关键词：Display adapters;File servers;Graphics boards/cards;Servers (Computers);Software

Highly-scalable server for massive multi-player 3D virtual spaces based on multi-processor graphics cards.

Moldoveanu, Alin

1. INTRODUCTION

Massive multi-player online games and other types of virtual spaces, like exhibitions, museums, virtual stores, etc., are already attracting a huge number of users. The technology and its applications are rapidly evolving and expanding. It is highly probable that 3D virtual spaces will be the next generation of Internet interfaces, replacing partially or totally the web browsers or instant messengers.

The architecture for such applications is client-server oriented, with the server managing the whole content of the virtual world, providing the connectivity and user interface for the clients (Bogojevic, 2003).

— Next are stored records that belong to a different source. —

(* For every odd integer $\ell\ge 7$ there exists a binary palindrome of length $\ell$ whose critical exponent is exactly $\tfrac{7}{3}$.
   Context: A word $x=x[1..n]$ has period $q$ if $x[i]=x[i+q]$ for $1\le i\le n-q$. For integers $p>q\ge1$, $x$ is a $(p/q)$-power if it has length $p$ and period $q$. The exponent $\exp(w)$ of a finite nonempty word $w$ is the largest rational $p/q$ such that $w$ is a $(p/q)$-power (with $w$ of length $p$ and period $q$, $1\le q\le p$). The critical exponent of $w$ is the maximum of $\exp(w')$ over all nonempty factors $w'$ of $w$. A palindrome is a word equal to its reversal. *)

theory Defs
  imports Complex_Main "HOL-Library.Sublist"
begin

definition has_period :: "'a list \<Rightarrow> nat \<Rightarrow> bool" where
  "has_period x q \<longleftrightarrow> (\<forall>i. i + q < length x \<longrightarrow> x ! i = x ! (i + q))"

definition word_exp :: "'a list \<Rightarrow> rat" where
  "word_exp w = Max {of_nat (length w) / of_nat q | q. 1 \<le> q \<and> q \<le> length w \<and> has_period w q}"

definition crit_exp :: "'a list \<Rightarrow> rat" where
  "crit_exp w = Max {word_exp u | u. u \<noteq> [] \<and> sublist u w}"

definition palindrome :: "'a list \<Rightarrow> bool" where
  "palindrome w \<longleftrightarrow> rev w = w"

end

theory Submission
  imports Defs
begin

text \<open>The witness of length \<open>2n + 1\<close> is the factor \<open>t(6 + |k|)\<close>, \<open>-n \<le> k \<le> n\<close>, of the
  Thue--Morse word \<open>t\<close> read backwards and forwards from \<open>t(6)\<close>; its central factor
  \<open>0110110\<close> has exponent 7/3. Conversely, let a factor of length \<open>L\<close> have period \<open>q\<close>.
  If it lies on one side of the centre, then \<open>L \<le> 2q\<close> since \<open>t\<close> is overlap-free. Otherwise,
  by symmetry, its longer half is a factor of \<open>t\<close> and so has length at most \<open>2q\<close>. For
  \<open>q \<le> 44\<close> the factor lies within distance 88 of the centre and \<open>3L \<le> 7q\<close> is checked by
  computation. For \<open>q > 44\<close> and \<open>3L > 7q\<close> the factor contains the seven letters on each side
  of the centre together with their partners at distance \<open>q\<close>; since a factor of \<open>t\<close> of
  length 7 determines its position modulo 4, the right side forces \<open>q \<equiv> 0\<close> and the
  reversed left side forces \<open>q \<equiv> 3 (mod 4)\<close>.\<close>

lemma finite_exponents:
  "finite {of_nat (length u) / of_nat q :: rat | q. 1 \<le> q \<and> q \<le> length u \<and> has_period u q}"
  by (rule finite_subset[of _ "(\<lambda>q. of_nat (length u) / of_nat q) ` {..length u}"]) auto

lemma word_exp_ge:
  assumes "1 \<le> q" "q \<le> length u" "has_period u q"
  shows "of_nat (length u) / of_nat q \<le> word_exp u"
  unfolding word_exp_def using assms by (intro Max_ge[OF finite_exponents]) blast

lemma word_exp_le:
  assumes "u \<noteq> []"
    and "\<And>q. 1 \<le> q \<Longrightarrow> q \<le> length u \<Longrightarrow> has_period u q \<Longrightarrow> of_nat (length u) / of_nat q \<le> r"
  shows "word_exp u \<le> r"
proof -
  have "has_period u (length u)" by (simp add: has_period_def)
  moreover have "1 \<le> length u" using assms(1) by (simp add: Suc_le_eq)
  ultimately show ?thesis
    unfolding word_exp_def using assms(2) by (intro Max.boundedI[OF finite_exponents]) auto
qed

An important problem that developers face is the amount of workload such a server must handle. The work is characterized both by the number of tasks, which depends directly on the number of online users, and the complexity of the tasks, which depends on the particularities of the virtual world.

2. CURRENT SOLLUTIONS

Due to the inherent real time and fun oriented aspects of virtual worlds, which leads to complex clients and minimized communication, scaling virtual worlds is quite different from scaling other types of applications (Waldo, 2008).

Current solutions are traditionally designed based on single processor machines--with very serious limitations to the number of online users a computer can handle. To overcome this, clusters or servers, each handling (Nguyen, 2003) distinct parts of the virtual world, are created (Morillo, 2006). This solution is scalable to some degree but is very costly as hardware also involves complicated software architecture (Ferretti, 2005). This is the main reason that current high-end massive multi-player applications (like MMORPGs) are extremely costly to develop and also involve some serious operating costs.

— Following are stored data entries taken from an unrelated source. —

(*
  Writing g = p a_n u(gamma), the set P^-_Theta A_n U^+_D consists of the g with det g = 1 whose
  scaled first column pi^n (g11, g21) lies in Theta (and has a unit first entry) and whose
  first-row ratio g12 / g11 = gamma lies in D. Both balls are open in an ultrametric, so
  multiplying g on the left or on the right by a matrix within delta of the identity keeps
  it in the set as soon as R^2 delta < min r s, where R bounds D; the scaling by pi^n makes
  this uniform in n. For small epsilon, V_epsilon lies in that neighbourhood, so the set is
  V_epsilon-bi-invariant: its epsilon-thickening and epsilon-thinning both equal the set,
  and the inequality holds with equality for every measure.
*)
theory Submission
  imports Defs
begin

no_notation fps_nth (infixl \<open>$\<close> 75)

lemma card_field_ge_2: "real CARD('k::{finite,field}) \<ge> 2"
proof -
  have "card {0::'k, 1} \<le> CARD('k)" by (intro card_mono) auto
  thus ?thesis by simp
qed

lemma absv_0 [simp]: "absv (0::'k::{finite,field} fls) = 0"
  by (simp add: absv_def)

lemma absv_nonneg [simp]: "absv (x::'k::{finite,field} fls) \<ge> 0"
  by (simp add: absv_def)

lemma absv_eq_0_iff [simp]: "absv (x::'k::{finite,field} fls) = 0 \<longleftrightarrow> x = 0"
  using card_field_ge_2[where 'k='k] by (simp add: absv_def)

lemma absv_1 [simp]: "absv (1::'k::{finite,field} fls) = 1"
  by (simp add: absv_def)

lemma absv_uminus [simp]: "absv (- x::'k::{finite,field} fls) = absv x"
  by (simp add: absv_def)

lemma absv_mult: "absv (x * y::'k::{finite,field} fls) = absv x * absv y"
  using card_field_ge_2[where 'k='k]
  by (auto simp add: absv_def powr_add[symmetric] algebra_simps)

lemma absv_inverse: "absv (inverse x::'k::{finite,field} fls) = inverse (absv x)"
proof (cases "x = 0")
  case False
  hence "absv (inverse x) * absv x = 1" by (simp flip: absv_mult)
  thus ?thesis by (metis inverse_unique mult.commute)
qed simp

lemma absv_divide: "absv (x / y::'k::{finite,field} fls) = absv x / absv y"
  by (simp add: divide_inverse absv_mult absv_inverse)

lemma absv_power: "absv (x ^ n::'k::{finite,field} fls) = absv x ^ n"
  by (induction n) (auto simp: absv_mult)

lemma absv_ultrametric: "absv (x + y::'k::{finite,field} fls) \<le> max (absv x) (absv y)"
proof (cases "x = 0 \<or> y = 0 \<or> x + y = 0")
  case False
  hence sub: "fls_subdegree (x + y) \<ge> min (fls_subdegree x) (fls_subdegree y)"
    by (intro fls_plus_subdegree) auto
  have "real CARD('k) > 1" using card_field_ge_2[where 'k='k] by linarith
  with False sub show ?thesis
    by (cases "fls_subdegree x \<le> fls_subdegree y") (auto simp: absv_def le_max_iff_disj)
qed (auto simp: le_max_iff_disj)

lemma absv_add_le: "absv x \<le> e \<Longrightarrow> absv y \<le> e \<Longrightarrow> absv (x + y::'k::{finite,field} fls) \<le> e"
  using absv_ultrametric[of x y] by linarith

All most recently developed RAD toolkits or frameworks for creating virtual worlds (www.multiverse.net; www.activeworlds.com; www.openskies.net) still follow this traditional architectural approach.

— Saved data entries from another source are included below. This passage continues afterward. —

lemma abs_trunc_cov_0_le:
  assumes b: "summable (\<lambda>j. \<bar>b j\<bar>)"
  shows "\<bar>trunc_cov b K 0 0\<bar> \<le> (\<Sum>j. \<bar>b j\<bar>) * ((\<Sum>j. \<bar>b j\<bar>) * gU 0)"
proof -
  have "0 \<le> trunc_cov b K 0 0" unfolding trunc_cov_0_eq_integral by (rule integral_nonneg_AE) simp
  moreover have "trunc_cov b K 0 0 \<le> integral\<^sup>L M (\<lambda>\<omega>. (\<Sum>j. \<bar>b j\<bar>) * filter_dom b 1 \<omega>)"
    unfolding trunc_cov_0_eq_integral
  proof (rule integral_mono_AE)
    show "integrable M (\<lambda>\<omega>. (trunc_filter b K 1 \<omega>)^2)"
      using integrable_trunc_filter_mult[of b K 1 1] by (simp add: power2_eq_square)
    show "integrable M (\<lambda>\<omega>. (\<Sum>j. \<bar>b j\<bar>) * filter_dom b 1 \<omega>)" using integrable_filter_dom[OF b] by simp
    show "AE \<omega> in M. (trunc_filter b K 1 \<omega>)^2 \<le> (\<Sum>j. \<bar>b j\<bar>) * filter_dom b 1 \<omega>"
      using AE_trunc_filter_tendsto_bounded[OF b, of 1] by eventually_elim auto
  qed
  ultimately show ?thesis using integral_filter_dom[OF b] by simp
qed

end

Another solution, more like a workaround, is to impose limitations to the content and interactions in the virtual world, therefore reducing as much as possible the complexity of the tasks the server must handle. Of course, in the end, this affects the quality and possibilities of that virtual space.

3. OUR SOLUTION

In this paper we present a brand new architectural solution for a massive multi-player server which uses the new graphics cards (GPU) available on market. Unlike previous solutions, the one presented in this paper is highly multiprocessor-based.

All the NVIDIA GPUs chipsets from the G8X series onwards, including GeForce, Quadro and the Tesla lines, are targeted specifically not only for the graphics market but for the computing market as well (especially Tesla). Similar solutions are offered by competitor companies, such as ATI. Each such GPU includes a great number of streaming processors (in the order of hundreds) organized in a SIMD architecture that can be programmed for general purpose computing. Therefore, such a GPU can simultaneously run many threads, each of them accessing different areas in the memory of the GPU and following its independent execution. Many applications can get a huge performance and scalability boost from this architecture if their design can accommodate it and we decided to give it a try to solve the limitations of the current massive-multi-player servers.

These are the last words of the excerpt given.